= Beginning of Section =

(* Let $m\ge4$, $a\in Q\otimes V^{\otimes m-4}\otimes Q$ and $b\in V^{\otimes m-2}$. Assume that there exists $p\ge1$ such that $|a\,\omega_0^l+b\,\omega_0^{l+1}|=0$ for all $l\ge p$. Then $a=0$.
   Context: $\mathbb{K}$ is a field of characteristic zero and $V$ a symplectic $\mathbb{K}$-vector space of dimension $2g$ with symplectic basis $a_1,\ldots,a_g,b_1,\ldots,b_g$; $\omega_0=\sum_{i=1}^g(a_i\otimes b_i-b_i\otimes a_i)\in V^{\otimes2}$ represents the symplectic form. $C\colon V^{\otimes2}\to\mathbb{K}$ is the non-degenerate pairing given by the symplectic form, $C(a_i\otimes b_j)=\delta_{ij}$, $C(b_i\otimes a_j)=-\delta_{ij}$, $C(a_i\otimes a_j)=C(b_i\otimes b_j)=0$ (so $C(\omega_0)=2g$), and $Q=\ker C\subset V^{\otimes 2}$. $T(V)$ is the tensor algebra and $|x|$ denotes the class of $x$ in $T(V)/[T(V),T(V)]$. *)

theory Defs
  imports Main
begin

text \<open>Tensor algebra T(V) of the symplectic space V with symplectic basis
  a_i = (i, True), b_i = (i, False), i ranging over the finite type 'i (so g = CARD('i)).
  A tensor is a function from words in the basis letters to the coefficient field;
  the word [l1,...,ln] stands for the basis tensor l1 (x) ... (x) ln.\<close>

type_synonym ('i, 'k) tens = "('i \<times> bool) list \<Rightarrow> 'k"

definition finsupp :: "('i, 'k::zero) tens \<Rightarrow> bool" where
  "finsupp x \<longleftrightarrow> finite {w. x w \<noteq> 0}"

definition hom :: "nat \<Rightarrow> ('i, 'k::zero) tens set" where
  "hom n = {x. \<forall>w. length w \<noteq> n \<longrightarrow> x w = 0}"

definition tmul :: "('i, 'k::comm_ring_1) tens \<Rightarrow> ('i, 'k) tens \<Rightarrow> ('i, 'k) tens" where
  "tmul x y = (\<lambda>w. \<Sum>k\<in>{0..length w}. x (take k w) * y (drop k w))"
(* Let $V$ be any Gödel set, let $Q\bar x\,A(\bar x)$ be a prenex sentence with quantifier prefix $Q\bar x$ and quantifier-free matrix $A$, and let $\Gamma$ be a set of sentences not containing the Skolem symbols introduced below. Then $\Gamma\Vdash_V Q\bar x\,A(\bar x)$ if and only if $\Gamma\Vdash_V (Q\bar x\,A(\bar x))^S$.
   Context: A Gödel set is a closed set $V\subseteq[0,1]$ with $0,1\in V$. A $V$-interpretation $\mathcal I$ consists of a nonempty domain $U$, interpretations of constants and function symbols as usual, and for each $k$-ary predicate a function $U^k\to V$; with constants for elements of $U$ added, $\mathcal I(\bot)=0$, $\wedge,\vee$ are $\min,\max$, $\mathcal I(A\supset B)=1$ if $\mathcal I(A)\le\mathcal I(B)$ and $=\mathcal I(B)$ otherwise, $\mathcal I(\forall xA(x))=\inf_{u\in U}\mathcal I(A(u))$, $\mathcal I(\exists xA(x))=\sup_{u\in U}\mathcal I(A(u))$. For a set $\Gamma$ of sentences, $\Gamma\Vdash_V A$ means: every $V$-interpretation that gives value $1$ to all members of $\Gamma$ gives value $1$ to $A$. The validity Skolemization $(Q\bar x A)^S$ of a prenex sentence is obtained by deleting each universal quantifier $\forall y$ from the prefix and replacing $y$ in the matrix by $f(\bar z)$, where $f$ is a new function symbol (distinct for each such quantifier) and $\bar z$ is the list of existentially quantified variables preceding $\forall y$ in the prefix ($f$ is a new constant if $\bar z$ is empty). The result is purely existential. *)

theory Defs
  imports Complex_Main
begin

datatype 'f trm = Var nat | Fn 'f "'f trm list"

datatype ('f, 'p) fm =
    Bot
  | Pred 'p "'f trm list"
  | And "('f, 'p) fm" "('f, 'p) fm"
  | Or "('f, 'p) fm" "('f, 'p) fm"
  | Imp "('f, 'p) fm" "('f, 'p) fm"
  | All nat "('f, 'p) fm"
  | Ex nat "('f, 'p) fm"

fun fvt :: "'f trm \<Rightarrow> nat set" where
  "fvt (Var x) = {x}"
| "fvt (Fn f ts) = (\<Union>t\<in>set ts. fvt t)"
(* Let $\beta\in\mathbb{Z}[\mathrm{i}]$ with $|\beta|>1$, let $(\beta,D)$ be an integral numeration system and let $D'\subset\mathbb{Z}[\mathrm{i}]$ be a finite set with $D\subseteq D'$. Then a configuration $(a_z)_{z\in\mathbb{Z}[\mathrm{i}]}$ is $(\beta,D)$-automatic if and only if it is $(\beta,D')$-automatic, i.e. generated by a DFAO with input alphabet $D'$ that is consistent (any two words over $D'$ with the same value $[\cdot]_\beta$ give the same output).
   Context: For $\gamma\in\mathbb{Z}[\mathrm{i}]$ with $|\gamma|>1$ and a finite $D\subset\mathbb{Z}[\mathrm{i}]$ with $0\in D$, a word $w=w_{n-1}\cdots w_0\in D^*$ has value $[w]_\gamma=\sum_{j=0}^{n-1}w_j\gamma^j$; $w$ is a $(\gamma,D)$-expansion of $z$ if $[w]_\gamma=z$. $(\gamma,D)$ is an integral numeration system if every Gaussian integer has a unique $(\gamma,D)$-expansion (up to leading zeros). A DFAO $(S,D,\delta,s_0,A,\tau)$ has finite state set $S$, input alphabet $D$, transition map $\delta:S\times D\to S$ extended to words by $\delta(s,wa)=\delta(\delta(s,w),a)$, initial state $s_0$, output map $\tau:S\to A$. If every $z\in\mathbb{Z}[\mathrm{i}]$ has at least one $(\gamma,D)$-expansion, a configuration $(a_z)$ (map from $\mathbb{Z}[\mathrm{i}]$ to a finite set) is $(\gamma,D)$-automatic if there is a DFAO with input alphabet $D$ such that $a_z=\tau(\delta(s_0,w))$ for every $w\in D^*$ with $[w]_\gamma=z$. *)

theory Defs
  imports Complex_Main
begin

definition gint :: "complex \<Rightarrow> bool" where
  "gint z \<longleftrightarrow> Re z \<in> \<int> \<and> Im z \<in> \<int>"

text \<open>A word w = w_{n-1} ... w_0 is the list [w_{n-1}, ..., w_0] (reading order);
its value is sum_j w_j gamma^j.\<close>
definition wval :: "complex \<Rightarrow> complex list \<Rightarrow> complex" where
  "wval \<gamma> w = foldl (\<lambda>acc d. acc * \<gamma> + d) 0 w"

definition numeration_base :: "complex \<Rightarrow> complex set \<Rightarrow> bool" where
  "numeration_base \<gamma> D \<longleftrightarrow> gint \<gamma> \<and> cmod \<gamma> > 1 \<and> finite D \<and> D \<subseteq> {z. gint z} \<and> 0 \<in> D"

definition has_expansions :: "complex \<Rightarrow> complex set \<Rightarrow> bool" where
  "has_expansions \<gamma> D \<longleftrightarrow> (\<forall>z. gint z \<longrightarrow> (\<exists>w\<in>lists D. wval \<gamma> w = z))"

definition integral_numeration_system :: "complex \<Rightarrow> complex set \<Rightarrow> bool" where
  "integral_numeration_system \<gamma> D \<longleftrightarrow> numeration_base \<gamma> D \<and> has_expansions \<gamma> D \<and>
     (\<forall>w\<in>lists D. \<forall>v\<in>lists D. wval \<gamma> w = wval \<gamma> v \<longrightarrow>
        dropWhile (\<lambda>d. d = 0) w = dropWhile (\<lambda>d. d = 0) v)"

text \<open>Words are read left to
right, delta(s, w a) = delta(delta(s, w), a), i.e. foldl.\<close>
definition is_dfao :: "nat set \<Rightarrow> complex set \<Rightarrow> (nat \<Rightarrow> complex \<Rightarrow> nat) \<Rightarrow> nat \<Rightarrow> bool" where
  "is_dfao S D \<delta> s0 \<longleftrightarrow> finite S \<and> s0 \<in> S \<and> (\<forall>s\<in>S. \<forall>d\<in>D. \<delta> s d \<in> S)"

= End of Section =

## Try it
Take the entries above and return only the lines from the one with "its value is sum_j w_j gamma^j.\<close>" to the one with "set \<Rightarrow> complex", both included, unchanged.

## Answer section
its value is sum_j w_j gamma^j.\<close>
definition wval :: "complex \<Rightarrow> complex list \<Rightarrow> complex" where
  "wval \<gamma> w = foldl (\<lambda>acc d. acc * \<gamma> + d) 0 w"

definition numeration_base :: "complex \<Rightarrow> complex set \<Rightarrow> bool" where
  "numeration_base \<gamma> D \<longleftrightarrow> gint \<gamma> \<and> cmod \<gamma> > 1 \<and> finite D \<and> D \<subseteq> {z. gint z} \<and> 0 \<in> D"

definition has_expansions :: "complex \<Rightarrow> complex set \<Rightarrow> bool" where
  "has_expansions \<gamma> D \<longleftrightarrow> (\<forall>z. gint z \<longrightarrow> (\<exists>w\<in>lists D. wval \<gamma> w = z))"

definition integral_numeration_system :: "complex \<Rightarrow> complex set \<Rightarrow> bool" where
  "integral_numeration_system \<gamma> D \<longleftrightarrow> numeration_base \<gamma> D \<and> has_expansions \<gamma> D \<and>
     (\<forall>w\<in>lists D. \<forall>v\<in>lists D. wval \<gamma> w = wval \<gamma> v \<longrightarrow>
        dropWhile (\<lambda>d. d = 0) w = dropWhile (\<lambda>d. d = 0) v)"

text \<open>Words are read left to
right, delta(s, w a) = delta(delta(s, w), a), i.e. foldl.\<close>
definition is_dfao :: "nat set \<Rightarrow> complex set \<Rightarrow> (nat \<Rightarrow> complex \<Rightarrow> nat) \<Rightarrow> nat \<Rightarrow> bool" where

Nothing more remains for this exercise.